During RN E's conversation with Paramedic F, Paramedic F informed RN E that the ambulance staff should not bring Patient #1 to the CAH, as the CAH lacked obstetrical services. RN E informed Paramedic F that the CAH ED staff needed to evaluate Patient #1, as failing to evaluate Patient #1 was possibly an EMTALA violation.

While RN E prepared the CAH's ED for Patient #1's arrival, Paramedic F informed RN E that Paramedic F went out to the ambulance after it arrived on the CAH's property, informed the ambulance crew that the CAH lacked obstetrical services, and that the ambulance crew needed to transport Patient #1 to Hospital A.

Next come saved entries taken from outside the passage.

definition beach_adj :: "'a set \<Rightarrow> 'a \<times> 'b \<Rightarrow> 'a \<times> 'b \<Rightarrow> bool" where
  "beach_adj A0 u v \<longleftrightarrow> (fst u \<in> A0 \<and> fst v \<in> A0) \<or> snd u = snd v"

lemma beach_adj_sym: "beach_adj A0 u v \<longleftrightarrow> beach_adj A0 v u"
  by (auto simp: beach_adj_def)

lemma mem_beach_iff:
  "x \<in> beach A A0 B \<longleftrightarrow> (\<forall>n. x n \<in> A \<times> B) \<and> (\<forall>n i. beach_adj A0 (x n) (x (n + unitvec i)))"
  by (simp add: beach_def beach_adj_def)

lemma beach_glue:
  fixes x y :: "('d::finite \<Rightarrow> int) \<Rightarrow> 'a \<times> 'b"
  assumes x: "x \<in> beach A A0 B" and y: "y \<in> beach A A0 B"
    and bdry_eq: "\<And>n. n \<in> bdry F \<Longrightarrow> x n = y n"
  shows "(\<lambda>n. if n \<in> F then y n else x n) \<in> beach A A0 B"
proof -
  have "beach_adj A0 (if n \<in> F then y n else x n) (if m \<in> F then y m else x m)"
    if m: "m = n + unitvec i" for n m i
  proof -
    have "beach_adj A0 (x n) (x m)" "beach_adj A0 (y n) (y m)"
      using x y m by (simp_all add: mem_beach_iff)
    moreover have "x n = y n" if "n \<in> F" "m \<notin> F"
      using that m by (intro bdry_eq bdry_if_neighbour_outside) auto
    moreover have "x m = y m" if "n \<notin> F" "m \<in> F"
      using that m bdry_if_neighbour_outside[of m F i] by (intro bdry_eq) auto
    ultimately show ?thesis by auto
  qed
  then show ?thesis using x y by (simp add: mem_beach_iff)
qed

lemma Psi_eq_sum:
  assumes "finite F" and "{j. x j \<noteq> y j} \<subseteq> F"
  shows "Psi x y = (\<Sum>j\<in>F. sharp (y j) - sharp (x j))"
  unfolding Psi_def using assms by (intro sum.mono_neutral_left) auto

lemma Psi_pat_restr: "Psi_pat F (restr x F) (restr y F) = (\<Sum>j\<in>F. sharp (y j) - sharp (x j))"
  unfolding Psi_pat_def restr_def by simp

lemma Psi_in_H_group: "(x, y) \<in> tail_rel X \<Longrightarrow> Psi x y \<in> H_group X"
  unfolding H_group_def by (blast intro: group_closure.base)

lemma H_group_subset_sharp_diffs:
  assumes "\<And>x n. x \<in> X \<Longrightarrow> x n \<in> V"
  shows "H_group X \<subseteq> group_closure {sharp s - sharp t | s t. s \<in> V \<and> t \<in> V}"
  unfolding H_group_def
proof (rule group_closure_minimal, safe)
  fix x y assume "(x, y) \<in> tail_rel X"
  then have "x \<in> X" "y \<in> X" by (auto simp: tail_rel_def)
  then show "Psi x y \<in> group_closure {sharp s - sharp t | s t. s \<in> V \<and> t \<in> V}"
    unfolding Psi_def using assms by (intro sum_in_group_closure group_closure.base) blast
qed

definition local_group ::
    "(('d::finite \<Rightarrow> int) \<Rightarrow> 's) set \<Rightarrow> ('d \<Rightarrow> int) set \<Rightarrow> (('d \<Rightarrow> int) \<Rightarrow> 's) \<Rightarrow> ('s \<Rightarrow> int) set"
  where "local_group X F a =
    group_closure {Psi_pat F a b | b. b \<in> patterns X F \<and> (\<forall>n \<in> bdry F. a n = b n)}"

6. During an interview on 5/13/21 at 8:00 AM, Paramedic F (who worked for the CAH) revealed that RN E received a call informing RN E about an ambulance on its way to the CAH with an obstetrical patient. Paramedic F inquired why the ambulance staff chose to bring an obstetrical patient to the CAH, as the CAH lacked obstetrical services. When the ambulance arrived on the CAH's property, Paramedic F went out to meet the ambulance outside the ambulance bay. Paramedic F informed Paramedic D that the CAH did not offer obstetrical services, and Paramedic D should transport Patient #1 to Hospital A (which offered obstetrical services).

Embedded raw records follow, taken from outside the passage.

(* Let $F$ be a finite field with $q$ elements and $G$ a finite abelian group of order $m$. For any $(r,\delta)\in(0,1)\times(0,1-q^{-1})$ with $r<g_q(\delta)$, there exists a sequence of quasi-$FG$ codes $C_1,C_2,\dots$ such that: (i) the length of $C_i$ tends to infinity; (ii) $\lim_{i\to\infty}R(C_i)=r$; (iii) $\lim_{i\to\infty}\Delta(C_i)\ge\delta$.
   Context: A quasi-$FG$ code of index $n$ is an $FG$-submodule $C$ of $(FG)^n$, where $FG$ is the group algebra, each element $\sum_{z\in G}a_zz$ is identified with the word $(a_z)_{z\in G}\in F^m$ and elements of $(FG)^n$ with concatenated words of length $mn$ over $F$ (so $C$ has length $mn$). Its rate is $R(C)=\dim_F C/(mn)$ and its relative distance is $\Delta(C)=\mathrm{w}(C)/(mn)$, where $\mathrm{w}(C)$ is the minimum Hamming weight of the nonzero codewords. $h_q(x)=x\log_q(q-1)-x\log_q x-(1-x)\log_q(1-x)$ (with $0\log_q0=0$), $g_q(x)=1-h_q(x)$. *)

theory Defs
  imports "HOL-Analysis.Analysis" "HOL-Library.Function_Algebras"
begin

text \<open>Group algebra FG: elements are functions G \<Rightarrow> F (coefficient vectors (a_z)_{z\<in>G}).
  The finite abelian group G is a finite type of class ab_group_add (written additively).\<close>

definition ga_mult :: "('g::{ab_group_add,finite} \<Rightarrow> 'f::field) \<Rightarrow> ('g \<Rightarrow> 'f) \<Rightarrow> ('g \<Rightarrow> 'f)" where
  "ga_mult a b = (\<lambda>z. \<Sum>x\<in>UNIV. a x * b (z - x))"

text \<open>Elements of (FG)^n: functions c :: nat \<Rightarrow> G \<Rightarrow> F with c j = 0 for j \<ge> n.\<close>

definition words :: "nat \<Rightarrow> (nat \<Rightarrow> 'g \<Rightarrow> 'f::zero) set" where
  "words n = {c. \<forall>j\<ge>n. c j = (\<lambda>_. 0)}"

7. During an interview on 5/12/21 at 3:30 PM, CAH ED Physician G revealed that RN E informed ED Physician G that an ambulance with an obstetrical patient was on its way to the CAH. ED Physician G indicated they regularly provided obstetrical care to patients, ED Physician G was comfortable providing obstetrical care to Patient #1, and could have provided obstetrical care to Patient #1, including delivering Patient #1's baby if needed.

ED Physician G asked RN E to print off Patient #1's obstetrical history, so ED Physician G could best provide care to Patient #1 upon their arrival to the ED. ED Physician G indicated that if they knew Patient #1 was on the CAH's property, ED Physician G would have evaluated Patient #1.